Parameters:: init_method (str, optional) – Initialization method for the distributed process group, typically a URL in the format tcp://hostname:port. Default is ‘tcp://localhost:12355’.

run(n_epoch, loader, valid_loader=None, \*\*aux_run_kwargs)¶: Run the distributed training or testing process across multiple GPUs.

train_process(rank, device_list, init_method, n_epoch, loader, valid_loader, aux_run_kwargs)¶: Train the model on a specific GPU in the distributed setup.

Notes

This add-on requires multiple GPUs to be available and properly configured.

Examples

Using MultiGPUAddon for distributed training:

>>> from zae_engine.trainer import Trainer
>>> from zae_engine.trainer.addons import MultiGPUAddon

>>> MyTrainer = Trainer.add_on(MultiGPUAddon)
>>> trainer = MyTrainer(
>>>     model=my_model,
>>>     device=[torch.device('cuda:0'), torch.device('cuda:1')],
>>>     optimizer=my_optimizer,
>>>     scheduler=my_scheduler
>>> )
>>> trainer.run(n_epoch=10, loader=train_loader)

classmethod apply(base_cls: Type[T]) → Type[T][source]¶

Apply the add-on modifications to a base class.

This method is used to inject additional functionality or modify the behavior of the Trainer class.

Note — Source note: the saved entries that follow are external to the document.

lemma gnp_prob_three_low_deg:
  fixes p :: real
  assumes p: "0 \<le> p" "p \<le> 1" and S: "S \<subseteq> {1..n}" and W: "W \<subseteq> S"
    and l: "l1 \<in> W" "l2 \<in> W" "l3 \<in> W" "l1 \<noteq> l2" "l1 \<noteq> l3" "l2 \<noteq> l3"
    and F0: "F0 \<subseteq> all_edges n" "\<forall>e\<in>F0. e \<subseteq> W"
  shows "gnp_prob n p (\<lambda>E. F0 \<subseteq> E \<and> deg_in E S l1 \<le> 3 \<and> deg_in E S l2 \<le> 3 \<and> deg_in E S l3 \<le> 3)
     \<le> p ^ card F0 * (4 * (1 + real n * p) ^ 3) ^ 3 * (1 - p) ^ (3 * (card S - card W - 3))"
proof -
  define R where "R = S - W"
  define NS where "NS = {N. N \<subseteq> R \<and> card N \<le> 3}"
  define q where "q = p ^ card F0 * (1 - p) ^ (3 * (card S - card W - 3))"
  have fin: "finite S" "finite R" "finite NS"
    using finite_subset[OF S] unfolding R_def NS_def by auto
  define Q where "Q = (\<lambda>(N1, N2, N3) E.
     F0 \<union> star l1 N1 \<union> star l2 N2 \<union> star l3 N3 \<subseteq> E \<and>
     E \<inter> (star l1 (R - N1) \<union> star l2 (R - N2) \<union> star l3 (R - N3)) = {})"
  have q_nonneg: "0 \<le> q" unfolding q_def using p by simp
  \<comment> \<open>Cover the event by fixing the neighbourhoods N1, N2, N3 of l1, l2, l3 in S - W; all other
    edges from l1, l2, l3 to S - W are then absent.\<close>
  have "gnp_prob n p (\<lambda>E. F0 \<subseteq> E \<and> deg_in E S l1 \<le> 3 \<and> deg_in E S l2 \<le> 3 \<and> deg_in E S l3 \<le> 3)
      \<le> (\<Sum>c\<in>NS \<times> NS \<times> NS. gnp_prob n p (Q c))"
  proof (rule gnp_prob_union_bound[OF p], use fin in simp)
    fix E assume E: "F0 \<subseteq> E \<and> deg_in E S l1 \<le> 3 \<and> deg_in E S l2 \<le> 3 \<and> deg_in E S l3 \<le> 3"
    have "nbrs_in E R l \<in> NS" if "deg_in E S l \<le> 3" for l
      using card_nbrs_in_le_deg_in[OF fin(1), of R E l] that unfolding NS_def R_def nbrs_in_def by auto
    then show "\<exists>c\<in>NS \<times> NS \<times> NS. Q c E"
      unfolding Q_def using E star_nbrs_in_subset star_Diff_nbrs_in_disjoint
      by (intro bexI[of _ "(nbrs_in E R l1, nbrs_in E R l2, nbrs_in E R l3)"]) (auto simp: Int_Un_distrib)
  qed
  also have "\<dots> \<le> (\<Sum>(N1, N2, N3)\<in>NS \<times> NS \<times> NS. q * (p ^ card N1 * p ^ card N2 * p ^ card N3))"
  proof (rule sum_mono)
    fix c assume "c \<in> NS \<times> NS \<times> NS"
    then obtain N1 N2 N3 where "c = (N1, N2, N3)" "N1 \<in> NS" "N2 \<in> NS" "N3 \<in> NS" by auto
    then show "gnp_prob n p (Q c) \<le> (case c of (N1, N2, N3) \<Rightarrow> q * (p ^ card N1 * p ^ card N2 * p ^ card N3))"
      using gnp_prob_stars[OF p S W l F0, of N1 N2 N3] unfolding q_def Q_def R_def NS_def by simp
  qed
  also have "\<dots> = q * (\<Sum>(N1, N2, N3)\<in>NS \<times> NS \<times> NS. p ^ card N1 * p ^ card N2 * p ^ card N3)"
    by (simp add: sum_distrib_left case_prod_unfold)
  also have "\<dots> = q * (\<Sum>N\<in>NS. p ^ card N) ^ 3"
    by (simp only: sum_cube_cartesian)
  also have "\<dots> \<le> q * (4 * (1 + real n * p) ^ 3) ^ 3"
  proof -
    have "card R \<le> n" using card_mono[OF _ S] card_mono[of S R] fin unfolding R_def by force
    then have "(\<Sum>N\<in>NS. p ^ card N) \<le> 4 * (1 + real n * p) ^ 3"
      unfolding NS_def using p fin by (intro sum_small_subsets_power_le) auto
    then show ?thesis using p q_nonneg by (intro mult_left_mono power_mono sum_nonneg) auto
  qed
  finally show ?thesis unfolding q_def by (simp add: mult_ac)
qed

lemma gnp_prob_low_path:
  fixes p :: real
  assumes p: "0 \<le> p" "p \<le> 1" and S: "S \<subseteq> {1..n}"
  shows "gnp_prob n p (\<lambda>E. low_path E S)
    \<le> real n ^ 3 * p ^ 2 * (4 * (1 + real n * p) ^ 3) ^ 3 * (1 - p) ^ (3 * (card S - 7))"
proof -
  define C where "C = {(x, y, z) \<in> S \<times> S \<times> S. x \<noteq> y \<and> y \<noteq> z \<and> x \<noteq> z}"
  define Q where "Q = (\<lambda>(x, y, z) E. {{x, y}, {y, z}} \<subseteq> E \<and>
     deg_in E S x \<le> 3 \<and> deg_in E S y \<le> 3 \<and> deg_in E S z \<le> 3)"
  define B where "B = p ^ 2 * (4 * (1 + real n * p) ^ 3) ^ 3 * (1 - p) ^ (3 * (card S - 7))"
  have fin: "finite S" using S finite_subset by blast
  have "gnp_prob n p (\<lambda>E. low_path E S) \<le> card C * B"
  proof (rule gnp_prob_le_card_mult[OF p])
    show "finite C" by (rule finite_subset[of _ "S \<times> S \<times> S"]) (use fin in \<open>auto simp: C_def\<close>)
    show "\<exists>c\<in>C. Q c E" if "low_path E S" for E
      using that unfolding low_path_def C_def Q_def by fastforce
    fix c assume "c \<in> C"
    then obtain x y z where c: "c = (x, y, z)" "{x, y, z} \<subseteq> S" "x \<noteq> y" "y \<noteq> z" "x \<noteq> z"
      unfolding C_def by auto
    have "gnp_prob n p (Q c) \<le> p ^ card {{x, y}, {y, z}} * (4 * (1 + real n * p) ^ 3) ^ 3
        * (1 - p) ^ (3 * (card S - card {x, y, z} - 3))"
      unfolding Q_def c(1) prod.case using c S
      by (intro gnp_prob_three_low_deg p) (auto simp: all_edges_def)
    also have "\<dots> \<le> B"
    proof -
      have cards: "card {{x, y}, {y, z}} = 2" "card {x, y, z} = 3" using c by (auto simp: doubleton_eq_iff)
      show ?thesis unfolding B_def cards using p by (intro mult_left_mono power_decreasing) auto
    qed
    finally show "gnp_prob n p (Q c) \<le> B" .
  qed
  also have "\<dots> \<le> real n ^ 3 * B"
  proof -
    have "card C \<le> card (S \<times> S \<times> S)" by (rule card_mono) (auto simp: C_def fin)
    also have "\<dots> = card S ^ 3" by (simp add: card_cartesian_product power3_eq_cube)
    also have "\<dots> \<le> n ^ 3" using card_mono[OF _ S] by (simp add: power_mono)
    finally show ?thesis
      unfolding B_def using p by (intro mult_right_mono) (auto simp flip: of_nat_power)
  qed
  finally show ?thesis unfolding B_def by (simp add: mult_ac)
qed

lemma gnp_prob_low_claw:
  fixes p :: real
  assumes p: "0 \<le> p" "p \<le> 1" and S: "S \<subseteq> {1..n}"
  shows "gnp_prob n p (\<lambda>E. low_claw E S)
    \<le> real n ^ 4 * p ^ 3 * (4 * (1 + real n * p) ^ 3) ^ 3 * (1 - p) ^ (3 * (card S - 7))"
proof -
  define C where "C = {(y, a, b, c) \<in> S \<times> S \<times> S \<times> S.
     y \<noteq> a \<and> y \<noteq> b \<and> y \<noteq> c \<and> a \<noteq> b \<and> a \<noteq> c \<and> b \<noteq> c}"
  define Q where "Q = (\<lambda>(y, a, b, c) E. {{y, a}, {y, b}, {y, c}} \<subseteq> E \<and>
     deg_in E S a \<le> 3 \<and> deg_in E S b \<le> 3 \<and> deg_in E S c \<le> 3)"
  define B where "B = p ^ 3 * (4 * (1 + real n * p) ^ 3) ^ 3 * (1 - p) ^ (3 * (card S - 7))"
  have fin: "finite S" using S finite_subset by blast
  have "gnp_prob n p (\<lambda>E. low_claw E S) \<le> card C * B"
  proof (rule gnp_prob_le_card_mult[OF p])
    show "finite C" by (rule finite_subset[of _ "S \<times> S \<times> S \<times> S"]) (use fin in \<open>auto simp: C_def\<close>)
    show "\<exists>c\<in>C. Q c E" if "low_claw E S" for E
      using that unfolding low_claw_def C_def Q_def by fastforce
    fix t assume "t \<in> C"
    then obtain y a b c where t: "t = (y, a, b, c)" "{y, a, b, c} \<subseteq> S"
      "y \<noteq> a" "y \<noteq> b" "y \<noteq> c" "a \<noteq> b" "a \<noteq> c" "b \<noteq> c"
      unfolding C_def by auto
    have "gnp_prob n p (Q t) \<le> p ^ card {{y, a}, {y, b}, {y, c}} * (4 * (1 + real n * p) ^ 3) ^ 3
        * (1 - p) ^ (3 * (card S - card {y, a, b, c} - 3))"
      unfolding Q_def t(1) prod.case using t S
      by (intro gnp_prob_three_low_deg p) (auto simp: all_edges_def)
    also have "\<dots> \<le> B"
    proof -
      have cards: "card {{y, a}, {y, b}, {y, c}} = 3" "card {y, a, b, c} = 4"
        using t by (auto simp: doubleton_eq_iff)
      show ?thesis unfolding B_def cards using p by (intro mult_left_mono power_decreasing) auto
    qed
    finally show "gnp_prob n p (Q t) \<le> B" .
  qed
  also have "\<dots> \<le> real n ^ 4 * B"
  proof -
    have "card C \<le> card (S \<times> S \<times> S \<times> S)" by (rule card_mono) (auto simp: C_def fin)
    also have "\<dots> = card S ^ 4" by (simp add: card_cartesian_product power4_eq_xxxx)
    also have "\<dots> \<le> n ^ 4" using card_mono[OF _ S] by (simp add: power_mono)
    finally show ?thesis
      unfolding B_def using p by (intro mult_right_mono) (auto simp flip: of_nat_power)
  qed
  finally show ?thesis unfolding B_def by (simp add: mult_ac)
qed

It returns a new class that combines the original Trainer with the behavior defined in the add-on.

Parameters:: base_cls (Type[T]) – The base class to which the add-on modifications will be applied. This is typically the Trainer class or a subclass of it.
Returns:: A new class that includes the functionality of the base class along with the additional behavior defined by the add-on.
Return type:: Type[T]

Notes

Subclasses of AddOnBase must implement this method to define how the add-on modifies the base class.
This method is typically called indirectly through the Trainer.add_on method.

Examples

Custom implementation in an add-on:

>>> class CustomAddon(AddOnBase):
>>>     @classmethod
>>>     def apply(cls, base_cls):
>>>         class TrainerWithCustomAddon(base_cls):
>>>             def custom_method(self):
>>>                 print("Custom method called")
>>>         return TrainerWithCustomAddon

Adding the custom add-on to a Trainer:

>>> from zae_engine.trainer import Trainer
>>> MyTrainer = Trainer.add_on(CustomAddon)
>>> trainer = MyTrainer(model=my_model, device='cuda', optimizer=my_optimizer)
>>> trainer.custom_method()  # Output: Custom method called

zae_engine.trainer.addons.state_manager module¶

class zae_engine.trainer.addons.state_manager.StateManagerAddon(save_path: str, save_format: str = 'ckpt')[source]¶

Bases: AddOnBase

Add-on to manage model, optimizer, and scheduler state.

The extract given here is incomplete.